* _What is needed_: The expected output is each line in the data below that includes the string "unfolding".

(Stored data)
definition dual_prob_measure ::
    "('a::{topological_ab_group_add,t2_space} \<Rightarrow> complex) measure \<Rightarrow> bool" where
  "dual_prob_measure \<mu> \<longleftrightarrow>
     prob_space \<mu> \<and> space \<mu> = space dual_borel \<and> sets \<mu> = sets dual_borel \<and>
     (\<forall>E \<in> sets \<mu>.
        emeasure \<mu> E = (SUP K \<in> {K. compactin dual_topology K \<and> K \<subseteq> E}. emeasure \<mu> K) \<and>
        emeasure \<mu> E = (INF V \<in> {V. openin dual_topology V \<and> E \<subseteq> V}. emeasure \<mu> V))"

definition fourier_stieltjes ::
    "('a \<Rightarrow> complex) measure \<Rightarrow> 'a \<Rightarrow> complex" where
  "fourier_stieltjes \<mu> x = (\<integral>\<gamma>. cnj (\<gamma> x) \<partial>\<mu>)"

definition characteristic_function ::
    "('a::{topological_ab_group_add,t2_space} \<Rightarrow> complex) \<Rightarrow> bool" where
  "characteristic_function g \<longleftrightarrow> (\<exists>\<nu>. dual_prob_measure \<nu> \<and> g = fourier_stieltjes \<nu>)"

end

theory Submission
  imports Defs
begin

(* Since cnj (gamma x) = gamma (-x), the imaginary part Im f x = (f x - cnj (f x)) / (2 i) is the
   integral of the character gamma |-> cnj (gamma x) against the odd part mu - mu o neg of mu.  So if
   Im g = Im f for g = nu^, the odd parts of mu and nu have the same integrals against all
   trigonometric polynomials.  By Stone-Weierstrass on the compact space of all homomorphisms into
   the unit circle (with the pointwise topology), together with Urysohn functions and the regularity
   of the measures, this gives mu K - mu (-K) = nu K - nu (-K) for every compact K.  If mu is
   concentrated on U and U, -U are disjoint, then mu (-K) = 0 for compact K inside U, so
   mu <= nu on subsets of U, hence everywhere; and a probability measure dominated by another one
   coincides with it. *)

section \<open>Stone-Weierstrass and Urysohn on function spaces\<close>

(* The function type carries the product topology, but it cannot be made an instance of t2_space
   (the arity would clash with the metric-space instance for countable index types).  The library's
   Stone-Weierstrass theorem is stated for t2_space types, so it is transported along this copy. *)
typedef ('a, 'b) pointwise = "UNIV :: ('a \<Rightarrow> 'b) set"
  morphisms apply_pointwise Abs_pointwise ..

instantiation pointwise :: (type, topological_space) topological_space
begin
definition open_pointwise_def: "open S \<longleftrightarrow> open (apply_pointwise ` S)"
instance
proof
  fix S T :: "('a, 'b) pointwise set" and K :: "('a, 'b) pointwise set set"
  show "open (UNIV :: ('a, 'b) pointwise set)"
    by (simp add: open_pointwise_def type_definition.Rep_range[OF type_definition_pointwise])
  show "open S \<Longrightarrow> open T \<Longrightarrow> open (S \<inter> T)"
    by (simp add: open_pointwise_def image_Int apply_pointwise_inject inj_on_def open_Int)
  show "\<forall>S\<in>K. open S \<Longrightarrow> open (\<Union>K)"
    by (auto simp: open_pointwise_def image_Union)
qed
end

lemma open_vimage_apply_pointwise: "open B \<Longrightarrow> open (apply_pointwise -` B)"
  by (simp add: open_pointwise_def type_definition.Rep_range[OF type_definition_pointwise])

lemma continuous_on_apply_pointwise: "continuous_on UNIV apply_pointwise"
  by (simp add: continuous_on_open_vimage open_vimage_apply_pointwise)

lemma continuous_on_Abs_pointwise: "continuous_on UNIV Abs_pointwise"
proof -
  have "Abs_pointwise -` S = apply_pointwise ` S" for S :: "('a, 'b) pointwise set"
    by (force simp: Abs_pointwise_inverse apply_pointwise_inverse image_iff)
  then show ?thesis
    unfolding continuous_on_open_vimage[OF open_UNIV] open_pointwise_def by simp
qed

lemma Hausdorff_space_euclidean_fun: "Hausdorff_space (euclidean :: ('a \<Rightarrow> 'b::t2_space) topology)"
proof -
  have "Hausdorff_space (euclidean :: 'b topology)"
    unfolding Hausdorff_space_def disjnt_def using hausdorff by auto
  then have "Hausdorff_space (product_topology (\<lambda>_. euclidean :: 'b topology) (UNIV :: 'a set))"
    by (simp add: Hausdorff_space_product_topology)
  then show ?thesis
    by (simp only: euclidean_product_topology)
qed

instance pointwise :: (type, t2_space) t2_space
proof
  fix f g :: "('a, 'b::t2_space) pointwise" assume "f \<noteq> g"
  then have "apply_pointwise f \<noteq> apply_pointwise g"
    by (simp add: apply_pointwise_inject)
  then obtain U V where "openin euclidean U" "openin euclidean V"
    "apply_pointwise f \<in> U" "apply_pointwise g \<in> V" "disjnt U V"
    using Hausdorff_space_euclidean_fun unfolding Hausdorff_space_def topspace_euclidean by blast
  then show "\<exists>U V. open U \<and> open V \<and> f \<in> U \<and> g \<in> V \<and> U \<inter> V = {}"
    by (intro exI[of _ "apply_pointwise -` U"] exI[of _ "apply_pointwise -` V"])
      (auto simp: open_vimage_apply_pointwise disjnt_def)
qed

* _Exercise output_:
    unfolding continuous_on_open_vimage[OF open_UNIV] open_pointwise_def by simp
    unfolding Hausdorff_space_def disjnt_def using hausdorff by auto
    using Hausdorff_space_euclidean_fun unfolding Hausdorff_space_def topspace_euclidean by blast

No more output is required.